Short-chain fatty acids (SCFAs) are known as significant microbial metabolites (Mohseni et al., 2020; Fang et al., 2021; Zhang et al., 2022). The group of SCFAs mainly includes acetate (C2), proprionate (C3), and butyrate (C4) (Liu et al., 2018; Guan et al., 2021). They are produced in different amounts; i.e., in the colonic lumen, the proportion is as follows: 60% acetate, 25% proprionate, and 15% butyrate (Canani et al., 2011). An appropriate ratio is 3:1:1 for acetate, proprionate, and butyrate, respectively (Nogal et al., 2021). The highest concentration of SCFAs is observed in the proximal colon (7–140 mM) (Sun et al., 2017; Liu et al., 2018).
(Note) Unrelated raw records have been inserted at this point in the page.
(* Let $d\ge 3$ and $n\ge 3$. In $(\mathbb{C}^d)^{\otimes n}$ consider the following $n(d-1)+1$ product states. For $i=1,\dots,d-1$: $$|\phi_i\rangle=|0-i\rangle_1|0\rangle_2\cdots|0\rangle_{n-1}|i\rangle_n,$$ and for $k=1,\dots,n-1$ and $i=1,\dots,d-1$: $$|\phi_{i+k(d-1)}\rangle=|i\rangle_k|0-i\rangle_{k+1}\otimes\bigotimes_{l\notin\{k,k+1\}}|0\rangle_l,$$ together with the stopper state $|\phi_{n(d-1)+1}\rangle=\bigotimes_{l=1}^n|0+1+\cdots+(d-1)\rangle_l$. These states are pairwise orthogonal, and for every party $t\in\{1,\dots,n\}$, every orthogonality-preserving local POVM element $E_t$ on party $t$ for this set is proportional to the identity. Consequently, this set cannot be perfectly distinguished by LOCC.
   Context: $\{|i\rangle\}$ is the computational basis; $|i_1\pm i_2\pm\cdots\pm i_r\rangle$ denotes $\frac{1}{\sqrt r}(|i_1\rangle\pm|i_2\rangle\pm\cdots\pm|i_r\rangle)$; subscripts indicate the party. For a set $\{|\psi_a\rangle\}$ of pairwise orthogonal states in $\mathbb{C}^{d_1}\otimes\cdots\otimes\mathbb{C}^{d_n}$, a positive semidefinite operator $E_t$ on $\mathbb{C}^{d_t}$ (a POVM element $M_t^\dagger M_t$ of a measurement by party $t$) is called orthogonality-preserving if $\langle\psi_a|(\mathbb{I}\otimes\cdots\otimes E_t\otimes\cdots\otimes\mathbb{I})|\psi_b\rangle=0$ for all $a\neq b$; the measurement is trivial if all its POVM elements are proportional to the identity. A set of orthogonal states for which every party can only perform trivial orthogonality-preserving measurements cannot be perfectly distinguished by LOCC. *)

theory Defs
  imports Complex_Main "HOL-Library.FuncSet"
begin

text \<open>Local vectors in C^d are functions nat => complex (components 0..d-1);
local operators on C^d are functions nat => nat => complex (entries (i,j), i,j < d).
Parties are numbered 1..n. A state in (C^d)^{\<otimes> n} is a function assigning an
amplitude to every basis multi-index j in PiE {1..n} (\<lambda>_. {..<d}).\<close>

definition ket :: "nat \<Rightarrow> nat \<Rightarrow> complex" where
  "ket i = (\<lambda>j. if j = i then 1 else 0)"

definition ket_minus :: "nat \<Rightarrow> nat \<Rightarrow> complex" where
  "ket_minus i = (\<lambda>j. (ket 0 j - ket i j) / complex_of_real (sqrt 2))"

definition ket_uniform :: "nat \<Rightarrow> nat \<Rightarrow> complex" where
  "ket_uniform d = (\<lambda>j. (\<Sum>i<d. ket i j) / complex_of_real (sqrt (real d)))"

definition basis_idx :: "nat \<Rightarrow> nat \<Rightarrow> (nat \<Rightarrow> nat) set" where
  "basis_idx d n = PiE {1..n} (\<lambda>_. {..<d})"

definition prod_state :: "nat \<Rightarrow> (nat \<Rightarrow> nat \<Rightarrow> complex) \<Rightarrow> (nat \<Rightarrow> nat) \<Rightarrow> complex" where
  "prod_state n a = (\<lambda>j. \<Prod>l\<in>{1..n}. a l (j l))"

definition ip :: "nat \<Rightarrow> nat \<Rightarrow> ((nat \<Rightarrow> nat) \<Rightarrow> complex) \<Rightarrow> ((nat \<Rightarrow> nat) \<Rightarrow> complex) \<Rightarrow> complex" where
  "ip d n psi phi = (\<Sum>j\<in>basis_idx d n. cnj (psi j) * phi j)"

text \<open>The operator I \<otimes> ... \<otimes> E (at party t) \<otimes> ... \<otimes> I\<close>
definition loc_op :: "nat \<Rightarrow> nat \<Rightarrow> (nat \<Rightarrow> nat \<Rightarrow> complex) \<Rightarrow> ((nat \<Rightarrow> nat) \<Rightarrow> complex) \<Rightarrow> (nat \<Rightarrow> nat) \<Rightarrow> complex" where
  "loc_op d t E psi = (\<lambda>j. \<Sum>k<d. E (j t) k * psi (j(t := k)))"

definition psd :: "nat \<Rightarrow> (nat \<Rightarrow> nat \<Rightarrow> complex) \<Rightarrow> bool" where
  "psd d E \<longleftrightarrow> (\<forall>v :: nat \<Rightarrow> complex.
      (\<Sum>i<d. \<Sum>k<d. cnj (v i) * E i k * v k) \<in> \<real> \<and>
      Re (\<Sum>i<d. \<Sum>k<d. cnj (v i) * E i k * v k) \<ge> 0)"

definition prop_identity :: "nat \<Rightarrow> (nat \<Rightarrow> nat \<Rightarrow> complex) \<Rightarrow> bool" where
  "prop_identity d E \<longleftrightarrow> (\<exists>c. \<forall>i<d. \<forall>k<d. E i k = (if i = k then c else 0))"

text \<open>Local factor at party l of the state phi_a, a = 1..n(d-1)+1.
 a = i (1 \<le> i \<le> d-1): |0-i>_1 |0>_2 ... |0>_{n-1} |i>_n;
 a = i + k(d-1) (1 \<le> k \<le> n-1, 1 \<le> i \<le> d-1): |i>_k |0-i>_{k+1}, |0> elsewhere;
 a = n(d-1)+1: stopper state.\<close>
definition phi_loc :: "nat \<Rightarrow> nat \<Rightarrow> nat \<Rightarrow> nat \<Rightarrow> nat \<Rightarrow> complex" where
  "phi_loc d n a l =
     (if a \<le> d - 1 then
        (if l = 1 then ket_minus a else if l = n then ket a else ket 0)
      else if a \<le> n * (d - 1) then
        (let k = (a - 1) div (d - 1); i = (a - 1) mod (d - 1) + 1 in
          if l = k then ket i else if l = k + 1 then ket_minus i else ket 0)
      else ket_uniform d)"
Butyrate (a key bacterial metabolite) is produced in the colon through bacterial fermentation using dietary fibers and starch as sources (Louis and Flint, 2017). Butyrate-producing microbes are bacteria belonging to the Firmicutes phylum. According to some data, the most important butyrate-producer is Faecalibacterium prausnitzii (Kaźmierczak-Siedlecka et al., 2022). Butyrate provides multiple effects in the human body. Among others, it has anti-inflammatory properties (inhibits the pro-inflammatory mediators TNF-α, IL-1β, IL-6, and IL-8 as well as upregulates the anti-inflammatory IL-10) and affects intestinal mucosal immunity (for instance, through regulation of immune cell migration) (Liu et al., 2018). Sodium butyrate (NaB), which is a salt of butyric acid, is characterized by a wide range of beneficial properties/activities. NaB has been investigated in case of several diseases, such as inflammatory bowel diseases (IBDs) (Chen et al., 2018; Facchin et al., 2020), non-alcoholic fatty liver disease (NAFLD) (Zhou et al., 2017; Zhang et al., 2021), and obesity (Fang et al., 2019; Beisner et al., 2021). During the last several years, an increasing interest in the effect of NaB usage in the context of colorectal cancer has been observed.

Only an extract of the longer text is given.